What the task asks:
When you reach the line that contains "W) (delta n" in the data below, copy it and every line after it exactly, adding nothing.

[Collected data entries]
lemma twist_delta: "pos_eq n (twist n k (delta n)) (delta n)"
proof (induction k)
  case (Suc k)
  have "pos_eq n (map (tau n) (twist n k (delta n))) (map (tau n) (delta n))"
    using pos_eq_tau[OF Suc.IH] pos_word_twist pos_word_delta by blast
  then show ?case using tau_delta pos_eq_trans by (auto simp: twist_Suc)
qed simp

lemma twist_delta_power: "pos_eq n (twist n k (delta_power n j)) (delta_power n j)"
  by (induction j) (auto simp: delta_power_Suc intro: pos_eq_append_both twist_delta)

lemma delta_power_conj: "pos_word n W \<Longrightarrow> pos_eq n (delta_power n k @ W) (twist n k W @ delta_power n k)"
proof (induction k arbitrary: W)
  case (Suc k)
  have "pos_eq n (delta n @ delta_power n k @ W) (delta n @ twist n k W @ delta_power n k)"
    using Suc by (auto intro: pos_eq_appendL)
  also have "pos_eq n (delta n @ twist n k W @ delta_power n k) (map (tau n) (twist n k W) @ delta n @ delta_power n k)"
    using pos_eq_appendR[OF delta_conj[OF pos_word_twist[OF Suc.prems, of k]], of "delta_power n k"] by simp
  finally show ?case by (simp add: delta_power_Suc twist_Suc)
qed simp

section \<open>Fractions in the singular braid monoid\<close>

lemma sb_eq_refl [simp]: "sb_eq n u u"
  unfolding sb_eq_def by (rule cong_gen.refl)

lemma sb_eq_sym: "sb_eq n u v \<Longrightarrow> sb_eq n v u"
  unfolding sb_eq_def by (rule cong_gen.sym)

lemma sb_eq_trans [trans]: "sb_eq n u v \<Longrightarrow> sb_eq n v w \<Longrightarrow> sb_eq n u w"
  unfolding sb_eq_def by (rule cong_gen.trans)

lemma sb_eq_append: "sb_eq n u v \<Longrightarrow> sb_eq n (w @ u @ z) (w @ v @ z)"
  unfolding sb_eq_def by (rule cong_gen_append)

lemma sb_eq_appendL: "sb_eq n u v \<Longrightarrow> sb_eq n (w @ u) (w @ v)"
  using sb_eq_append[of n u v w "[]"] by simp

Finished task:
  have "pos_eq n (delta n @ delta_power n k @ W) (delta n @ twist n k W @ delta_power n k)"
    using Suc by (auto intro: pos_eq_appendL)
  also have "pos_eq n (delta n @ twist n k W @ delta_power n k) (map (tau n) (twist n k W) @ delta n @ delta_power n k)"
    using pos_eq_appendR[OF delta_conj[OF pos_word_twist[OF Suc.prems, of k]], of "delta_power n k"] by simp
  finally show ?case by (simp add: delta_power_Suc twist_Suc)
qed simp

section \<open>Fractions in the singular braid monoid\<close>

lemma sb_eq_refl [simp]: "sb_eq n u u"
  unfolding sb_eq_def by (rule cong_gen.refl)

lemma sb_eq_sym: "sb_eq n u v \<Longrightarrow> sb_eq n v u"
  unfolding sb_eq_def by (rule cong_gen.sym)

lemma sb_eq_trans [trans]: "sb_eq n u v \<Longrightarrow> sb_eq n v w \<Longrightarrow> sb_eq n u w"
  unfolding sb_eq_def by (rule cong_gen.trans)

lemma sb_eq_append: "sb_eq n u v \<Longrightarrow> sb_eq n (w @ u @ z) (w @ v @ z)"
  unfolding sb_eq_def by (rule cong_gen_append)

lemma sb_eq_appendL: "sb_eq n u v \<Longrightarrow> sb_eq n (w @ u) (w @ v)"
  using sb_eq_append[of n u v w "[]"] by simp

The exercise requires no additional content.